Zu wenig Mitstreiter, zu wenig Ressourcen? Für die kleine unterfränkische Gemeinde Binsfeld gibt es dieses Problem offensichtlich nicht. Was die knapp 400 Einwohner in den vergangenen 20 Jahren auf die Beine gestellt hatten, erzählte Bürgermeister Franz-Josef Sauer: ein Mehrgenerationenhaus, ein Nahwärmenetz, ein Kindergarten, eine Firma, eine Dorfküche und vor allem Arbeitsplätze, die wieder zurück ins Dorf geholt wurden. Das waren nur einige Beispiele, mit denen die Gemeinde das Zusammenleben und die Infrastruktur des Ortes gestärkt hat. Zahlreiche Förderprogramme hatte Binsfeld in Anspruch genommen und somit Wachstumseffekte gegen den allgemeinen Trend angestoßen. „Fördergelder können nur Saatgut sein“, sagte Sauer. Für die Entwicklung seien die Bürger verantwortlich.

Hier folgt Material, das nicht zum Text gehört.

lemma (in prob_space) prob_split_label:
  assumes "{\<omega> \<in> space M. P \<omega>} \<in> events" and "Z \<in> M \<rightarrow>\<^sub>M count_space UNIV"
    and "\<forall>\<omega>\<in>space M. Z \<omega> \<in> labels"
  shows "\<P>(\<omega> in M. P \<omega>) = \<P>(\<omega> in M. P \<omega> \<and> Z \<omega> = 1) + \<P>(\<omega> in M. P \<omega> \<and> Z \<omega> = -1)"
proof -
  have "{\<omega> \<in> space M. P \<omega>} = {\<omega> \<in> space M. P \<omega> \<and> Z \<omega> = 1} \<union> {\<omega> \<in> space M. P \<omega> \<and> Z \<omega> = -1}"
    using assms(3) by (auto simp: labels_def)
  moreover have "{\<omega> \<in> space M. P \<omega> \<and> Z \<omega> = y} \<in> events" for y
    using assms(1,2) by measurable
  ultimately show ?thesis
    by (auto intro: finite_measure_Union)
qed

context prob_space
begin

context
  fixes Z R :: "'a \<Rightarrow> int"
  assumes Z_meas [measurable]: "Z \<in> M \<rightarrow>\<^sub>M count_space UNIV"
    and R_meas [measurable]: "R \<in> M \<rightarrow>\<^sub>M count_space UNIV"
    and Z_labels: "\<forall>\<omega>\<in>space M. Z \<omega> \<in> labels"
    and R_labels: "\<forall>\<omega>\<in>space M. R \<omega> \<in> labels"
    and R_half: "\<P>(\<omega> in M. R \<omega> = 1) = 1 / 2"
begin

lemma balanced_label_table:
  defines "a \<equiv> \<P>(\<omega> in M. Z \<omega> = 1)" and "t \<equiv> pos_margin M Z R"
  shows "\<P>(\<omega> in M. Z \<omega> = 1 \<and> R \<omega> = 1) = (a + t) / 2"
    and "\<P>(\<omega> in M. Z \<omega> = 1 \<and> R \<omega> = -1) = (a - t) / 2"
    and "\<P>(\<omega> in M. Z \<omega> = -1 \<and> R \<omega> = 1) = (1 - a - t) / 2"
    and "\<P>(\<omega> in M. Z \<omega> = -1 \<and> R \<omega> = -1) = (1 - a + t) / 2"
    and "\<P>(\<omega> in M. Z \<omega> = -1) = 1 - a"
    and "\<P>(\<omega> in M. R \<omega> = -1) = 1 / 2"
proof -
  have split_R: "\<P>(\<omega> in M. Z \<omega> = y) = \<P>(\<omega> in M. Z \<omega> = y \<and> R \<omega> = 1) + \<P>(\<omega> in M. Z \<omega> = y \<and> R \<omega> = -1)"
    for y by (rule prob_split_label[OF _ R_meas R_labels]) measurable
  have split_Z: "\<P>(\<omega> in M. R \<omega> = y) = \<P>(\<omega> in M. Z \<omega> = 1 \<and> R \<omega> = y) + \<P>(\<omega> in M. Z \<omega> = -1 \<and> R \<omega> = y)"
    for y
  proof -
    have "\<P>(\<omega> in M. R \<omega> = y) = \<P>(\<omega> in M. R \<omega> = y \<and> Z \<omega> = 1) + \<P>(\<omega> in M. R \<omega> = y \<and> Z \<omega> = -1)"
      by (rule prob_split_label[OF _ Z_meas Z_labels]) measurable
    then show ?thesis
      by (simp add: conj_commute)
  qed
  have total: "1 = \<P>(\<omega> in M. Z \<omega> = 1) + \<P>(\<omega> in M. Z \<omega> = -1)"
    using prob_split_label[OF _ Z_meas Z_labels, of "\<lambda>_. True"] prob_space by simp
  have a_eq: "a = \<P>(\<omega> in M. Z \<omega> = 1)"
    by (simp add: a_def)
  have t_eq: "t = \<P>(\<omega> in M. Z \<omega> = 1 \<and> R \<omega> = 1) - \<P>(\<omega> in M. Z \<omega> = 1 \<and> R \<omega> = -1)"
    by (simp add: t_def pos_margin_def)
  show "\<P>(\<omega> in M. Z \<omega> = 1 \<and> R \<omega> = 1) = (a + t) / 2"
    and "\<P>(\<omega> in M. Z \<omega> = 1 \<and> R \<omega> = -1) = (a - t) / 2"
    and "\<P>(\<omega> in M. Z \<omega> = -1 \<and> R \<omega> = 1) = (1 - a - t) / 2"
    and "\<P>(\<omega> in M. Z \<omega> = -1 \<and> R \<omega> = -1) = (1 - a + t) / 2"
    and "\<P>(\<omega> in M. Z \<omega> = -1) = 1 - a"
    and "\<P>(\<omega> in M. R \<omega> = -1) = 1 / 2"
    using split_R[of 1] split_R[of "-1"] split_Z[of 1] split_Z[of "-1"] total R_half a_eq t_eq
    by argo+
qed

lemma balanced_label_margin_bounds:
  "\<bar>pos_margin M Z R\<bar> \<le> \<P>(\<omega> in M. Z \<omega> = 1)"
  "\<bar>pos_margin M Z R\<bar> \<le> 1 - \<P>(\<omega> in M. Z \<omega> = 1)"
  using balanced_label_table(1-4) measure_nonneg[of M "{\<omega> \<in> space M. Z \<omega> = 1 \<and> R \<omega> = 1}"]
    measure_nonneg[of M "{\<omega> \<in> space M. Z \<omega> = 1 \<and> R \<omega> = -1}"]
    measure_nonneg[of M "{\<omega> \<in> space M. Z \<omega> = -1 \<and> R \<omega> = 1}"]
    measure_nonneg[of M "{\<omega> \<in> space M. Z \<omega> = -1 \<and> R \<omega> = -1}"]
  by argo+

lemma FIT_balanced_label:
  defines "a \<equiv> \<P>(\<omega> in M. Z \<omega> = 1)" and "t \<equiv> pos_margin M Z R"
  shows "FIT M Z R 1 1 = (a + t) / a" and "FIT M Z R (-1) (-1) = (1 - a + t) / (1 - a)"
proof -
  have half: "x / 2 / (1 / 2) / z = x / z" for x z :: real
    by simp
  show "FIT M Z R 1 1 = (a + t) / a" and "FIT M Z R (-1) (-1) = (1 - a + t) / (1 - a)"
    unfolding a_def t_def FIT_def balanced_label_table(1,4,5,6) R_half by (fact half)+
qed

lemma fdiv_balanced_label:
  assumes f_not_MInfty: "\<And>v. f v \<noteq> -\<infinity>"
  shows "fdiv f (Pj M Z R) (Qj M Z R) = balanced_div f (\<P>(\<omega> in M. Z \<omega> = 1)) (pos_margin M Z R)"
proof -
  define a where "a = \<P>(\<omega> in M. Z \<omega> = 1)"
  define t where "t = pos_margin M Z R"
  note table = balanced_label_table[folded a_def t_def]
  have "0 \<le> a" "0 \<le> 1 - a" "\<bar>t\<bar> \<le> a" "\<bar>t\<bar> \<le> 1 - a"
    using balanced_label_margin_bounds unfolding a_def t_def by argo+
  then have cells: "(a + t) / 2 = a / 2 * (1 + t / a)" "(a - t) / 2 = a / 2 * (1 - t / a)"
      "(1 - a + t) / 2 = (1 - a) / 2 * (1 + t / (1 - a))"
      "(1 - a - t) / 2 = (1 - a) / 2 * (1 - t / (1 - a))"
    by (cases "a = 0"; cases "a = 1"; auto simp: field_simps)+
  have P: "Pj M Z R (1, 1) = a / 2 * (1 + t / a)" "Pj M Z R (1, -1) = a / 2 * (1 - t / a)"
    "Pj M Z R (-1, 1) = (1 - a) / 2 * (1 - t / (1 - a))"
    "Pj M Z R (-1, -1) = (1 - a) / 2 * (1 + t / (1 - a))"
    unfolding Pj_def prod.case table cells by (rule refl)+
  have Q: "Qj M Z R (1, 1) = a / 2" "Qj M Z R (1, -1) = a / 2"
    "Qj M Z R (-1, 1) = (1 - a) / 2" "Qj M Z R (-1, -1) = (1 - a) / 2"
    unfolding Qj_def prod.case a_def[symmetric] table R_half by simp_all
  have "fdiv f (Pj M Z R) (Qj M Z R) = ereal (a / 2) * f (1 + t / a) + ereal (a / 2) * f (1 - t / a)
      + (ereal ((1 - a) / 2) * f (1 - t / (1 - a)) + ereal ((1 - a) / 2) * f (1 + t / (1 - a)))"
    using \<open>0 \<le> a\<close> \<open>0 \<le> 1 - a\<close> unfolding fdiv_labels P Q
    by (simp add: fdiv_term_cancel zero_ereal_def[symmetric])
  also have "\<dots> = balanced_div f a t"
    using \<open>0 \<le> a\<close> \<open>0 \<le> 1 - a\<close> f_not_MInfty
    by (simp add: balanced_div_def symmetrized_def distrib_left_ereal_nn mult.commute[of "ereal _"] add_ac)
  finally show ?thesis
    unfolding a_def t_def .
qed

Ein weiteres positives Beispiel lieferte Matthias Hirschmüller. Er ist Manager der „Gemeindeallianz Hofheimer Land“. Sieben Kommunen haben sich zusammengetan, um die Städtebauförderung und Revitalisierung der Ortskerne voranzutreiben. Dazu gehört nicht nur eine qualifizierte Bestandsaufnahme, sondern sie umfassen auch Maßnahmen wie die Rücknahme von ausgewiesenen Bauplätzen oder die Unterhaltung von Dorfläden.

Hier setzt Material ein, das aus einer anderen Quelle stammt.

(* Let $N_1=(S_1,A,L_1,AP,V_1,\{s_0^1\})$ and $N_2=(S_2,A,L_2,AP,V_2,\{s_0^2\})$ be deterministic APAs in SVNF such that $N_1\not\preceq N_2$, and let $1\le K_1\le K_2$ be integers. Then $d(N_1\setminus^{K_2}N_2,\ N_1\setminus^{K_1}N_2)\le\lambda^{K_1}$, where $d$ is the syntactic distance with discount factor $\lambda$ and $N_1\setminus^KN_2$ is the level-$K$ under-approximating difference, both defined in the context.
   Context: Basic notions. For a finite set $S$, $\mathrm{Dist}(S)$ is the set of probability distributions on $S$; $C(S)$ is a set of constraints, each $\phi\in C(S)$ determining $Sat(\phi)\subseteq\mathrm{Dist}(S)$. An APA is a tuple $N=(S,A,L,AP,V,S_0)$ with finite state set $S$, initial states $S_0\subseteq S$, finite action set $A$, finite set $AP$ of atomic propositions, $L:S\times A\times C(S)\to\{\top,?,\bot\}$ ($\top$: must, $?$: may, $\bot$: no transition) and $V:S\to 2^{2^{AP}}$. An APA is in SVNF if $|V(s)|\le1$ for all $s$; it is deterministic if it has exactly one initial state, for all $s,a$ at most one $\phi$ has $L(s,a,\phi)\ne\bot$, and for all $s,a,\phi$ with $L(s,a,\phi)\ne\bot$ and distinct states $s',s''$ with $V(s')\cap V(s'')\ne\emptyset$ there are no $\mu,\mu'\in Sat(\phi)$ with $\mu(s')>0$ and $\mu'(s'')>0$. For $\mu\in\mathrm{Dist}(S)$, $\mu'\in\mathrm{Dist}(S')$, $\mathcal R\subseteq S\times S'$ and $\delta:S\to(S'\to[0,1])$, $\mu\Subset^\delta_{\mathcal R}\mu'$ means $\delta(s)$ is a distribution whenever $\mu(s)>0$, $\sum_s\mu(s)\delta(s)(s')=\mu'(s')$ for all $s'$, and $\delta(s)(s')>0\Rightarrow(s,s')\in\mathcal R$; $\mu\Subset_{\mathcal R}\mu'$ if such $\delta$ exists; $\Subset^\delta$ means $\Subset^\delta_{S\times S'}$. A refinement relation between APAs $N_1,N_2$ is $\mathcal R\subseteq S_1\times S_2$ such that for all $(s_1,s_2)\in\mathcal R$: $V_1(s_1)\subseteq V_2(s_2)$; whenever $L_2(s_2,a,\phi_2)=\top$ there is $\phi_1$ with $L_1(s_1,a,\phi_1)=\top$ and every $\mu_1\in Sat(\phi_1)$ has some $\mu_2\in Sat(\phi_2)$ with $\mu_1\Subset_{\mathcal R}\mu_2$; whenever $L_1(s_1,a,\phi_1)\ne\bot$ there is $\phi_2$ with $L_2(s_2,a,\phi_2)\ne\bot$ and every $\mu_1\in Sat(\phi_1)$ has some $\mu_2\in Sat(\phi_2)$ with $\mu_1\Subset_{\mathcal R}\mu_2$. $N_1\preceq N_2$ if some refinement relation relates each initial state of $N_1$ to some initial state of $N_2$. For $N$ in SVNF, $\mathsf{succ}_{s,a}(v)=\{s'\mid V(s')=\{v\},\ \exists\phi\,\exists\mu\in Sat(\phi):L(s,a,\phi)\ne\bot,\mu(s')>0\}$; for deterministic $N$ this has at most one element, identified with that element (or $\emptyset$); for a state $t$ of another automaton with valuation set $\{v\}$, $\mathsf{succ}_{s,a}(t):=\mathsf{succ}_{s,a}(v)$. Distances: fix $0<\lambda<1$. For APAs $M_1,M_2$ in SVNF (states $S_1,S_2$, functions $L_1,L_2,V_1,V_2$), $s_1,s_2$ are not compatible if $V_1(s_1)\ne V_2(s_2)$, or some $a,\phi_1$ has $L_1(s_1,a,\phi_1)\ne\bot$ while $L_2(s_2,a,\cdot)\equiv\bot$, or some $a,\phi_2$ has $L_2(s_2,a,\phi_2)=\top$ while $L_1(s_1,a,\phi_1)\ne\top$ for all $\phi_1$. $D(\phi_1,\phi_2,d)=\sup_{\mu_1\in Sat(\phi_1)}\inf_{\mu_2\in Sat(\phi_2)}\inf_{\delta:\mu_1\Subset^\delta\mu_2}\sum_{(s_1,s_2)}\mu_1(s_1)\delta(s_1)(s_2)d(s_1,s_2)$. The state distance $d:S_1\times S_2\to[0,1]$ is the least fixed point of $d(s_1,s_2)=1$ if not compatible, else $d(s_1,s_2)=\max\{\max_{a,\phi_1:L_1(s_1,a,\phi_1)\ne\bot}\min_{\phi_2:L_2(s_2,a,\phi_2)\ne\bot}\lambda D(\phi_1,\phi_2,d),\ \max_{a,\phi_2:L_2(s_2,a,\phi_2)=\top}\min_{\phi_1:L_1(s_1,a,\phi_1)=\top}\lambda D(\phi_1,\phi_2,d)\}$. The syntactic distance is $d(M_1,M_2)=\max_{s\in S_0^1}\min_{s'\in S_0^2}d(s,s')$. Cases for $N_1,N_2$. Let $\mathcal R$ be the maximal refinement relation between $N_1$ and $N_2$. A pair $(s_1,s_2)\in S_1\times S_2$ is in case 1 if $(s_1,s_2)\in\mathcal R$, in case 2 if $V_1(s_1)\ne V_2(s_2)$, in case 3 if $(s_1,s_2)\notin\mathcal R$ and $V_1(s_1)=V_2(s_2)$. For $(s_1,s_2)$ in case 3 and $e\in A$: $e\in B_a(s_1,s_2)$ iff some $\phi_1$ has $L_1(s_1,e,\phi_1)=\top$ and $L_2(s_2,e,\cdot)\equiv\bot$; $e\in B_b$ iff some $\phi_1$ has $L_1(s_1,e,\phi_1)=?$ and $L_2(s_2,e,\cdot)\equiv\bot$; $e\in B_c$ iff some $\phi_1$ has $L_1(s_1,e,\phi_1)\in\{?,\top\}$, some $\phi_2$ has $L_2(s_2,e,\phi_2)=?$, and some $\mu\in Sat(\phi_1)$ has $\mu\not\Subset_{\mathcal R}\mu'$ for all $\mu'\in Sat(\phi_2)$; $e\in B_d$ iff some $\phi_2$ has $L_2(s_2,e,\phi_2)=\top$ and $L_1(s_1,e,\cdot)\equiv\bot$; $e\in B_e$ iff some $\phi_2$ has $L_2(s_2,e,\phi_2)=\top$ and some $\phi_1$ has $L_1(s_1,e,\phi_1)=?$; $e\in B_f$ iff some $\phi_2$ has $L_2(s_2,e,\phi_2)=\top$, some $\phi_1$ has $L_1(s_1,e,\phi_1)=\top$, and some $\mu\in Sat(\phi_1)$ has $\mu\not\Subset_{\mathcal R}\mu'$ for all $\mu'\in Sat(\phi_2)$. These sets are empty for pairs not in case 3 and for pairs $(s_1,\bot)$. $B(s_1,s_2)$ is the union of the six (pairwise disjoint) sets. For $e\in B(s_1,s_2)$, $\phi_1$ (resp. $\phi_2$) denotes the unique constraint with $L_1(s_1,e,\phi_1)\ne\bot$ (resp. $L_2(s_2,e,\phi_2)\ne\bot$), when it exists. Under-approximation $N_1\setminus^KN_2$ ($K\ge1$). If $V_1(s_0^1)\ne V_2(s_0^2)$ then $N_1\setminus^KN_2:=N_1$. Otherwise $N_1\setminus^KN_2=(S,A,L,AP,V,S_0^K)$ with $S=S_1\times(S_2\cup\{\bot\})\times(A\cup\{\epsilon\})\times\{1,\dots,K\}$, $V(s_1,s_2,e,k)=V_1(s_1)$, $S_0^K=\{(s_0^1,s_0^2,f,K)\mid f\in B(s_0^1,s_0^2)\}$. For $\phi\in C(S_1)$: $\mu\in Sat(\phi^\bot)$ iff $\mu$ is supported on $S_1\times\{\bot\}\times\{\epsilon\}\times\{1\}$ and $s_1\mapsto\mu(s_1,\bot,\epsilon,1)$ is in $Sat(\phi)$. For a state $(s_1,s_2,e,k)$ with $s_2\ne\bot$, $e\ne\epsilon$ and $\phi_1,\phi_2$ with $L_1(s_1,e,\phi_1)\ne\bot\ne L_2(s_2,e,\phi_2)$: $\mu\in Sat(\phi^{B,k}_{12})$ iff (1) $\mu(s_1',s_2',c,k')>0$ implies $c\in B(s_1',s_2')\cup\{\epsilon\}$ and either ($\mathsf{succ}_{s_2,e}(s_1')=\emptyset$, $s_2'=\bot$, $k'=1$) or $s_2'=\mathsf{succ}_{s_2,e}(s_1')$; (2) $s_1'\mapsto\sum_{c,s_2',k'}\mu(s_1',s_2',c,k')$ is in $Sat(\phi_1)$; (3) (a) $\mu(s_1',\bot,c,1)>0$ for some $s_1',c$, or (b) $s_2'\mapsto\sum_{c,\,s_1'\in S_1,\,k'}\mu(s_1',s_2',c,k')$ ($s_2'\in S_2$) is not in $Sat(\phi_2)$, or (c) $k\ne1$ and $\mu(s_1',s_2',c,k')>0$ for some $s_1'$, $s_2'\in S_2$, $c\ne\epsilon$, $k'<k$. Transitions of $t=(s_1,s_2,e,k)$: if $s_2=\bot$ or $e=\epsilon$ or $(s_1,s_2)$ is in case 1 or 2, set $L(t,a,\phi^\bot)=L_1(s_1,a,\phi)$ whenever $L_1(s_1,a,\phi)\ne\bot$. Otherwise $(s_1,s_2)$ is in case 3 and (for reachable states) $e\in B(s_1,s_2)$: if $e\in B_a\cup B_b$, set $L(t,a,\phi^\bot)=L_1(s_1,a,\phi)$ for $a\ne e$ with $L_1(s_1,a,\phi)\ne\bot$, and $L(t,e,\phi_1^\bot)=\top$; if $e\in B_d$, set $L(t,a,\phi^\bot)=L_1(s_1,a,\phi)$ for all $a,\phi$ with $L_1(s_1,a,\phi)\ne\bot$; if $e\in B_e$, copy for $a\ne e$ and set $L(t,e,\phi^{B,k}_{12})=?$; if $e\in B_c\cup B_f$, copy for all $a$ (including $e$) and set $L(t,e,\phi^{B,k}_{12})=\top$. All other values of $L$ are $\bot$. *)

theory Defs
  imports "HOL-Analysis.Analysis" "HOL-Library.Extended_Nonnegative_Real"
begin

Zurück in die Wetterau: Zwei Monate lang lief der Wettbewerb „Mein liebster Ort, meine liebste Aktion“, zu dem die Projektleitung aufgerufen hatte. 200 Bürger hatten sich beteiligt. 15 Projekte wurden eingereicht, die im Internet knapp 4000 Klicks erreichten. Drei Favoriten wurden letztlich gekürt, dabei lagen Backhäuser in der Gunst ganz vorn, sie erhielten die meisten Klicks.
„Diese Beiträge zeigen nicht nur, dass Innenentwicklung auf verschiedene Art möglich ist, und bereits jetzt schon praktiziert wird. Vielmehr machen die Aktionen auch Mut, Projekte für den eigenen Ort anzustoßen. Es lohnt sich“, schloss Ortenbergs Bürgermeisterin Ulrike Pfeiffer-Pantring.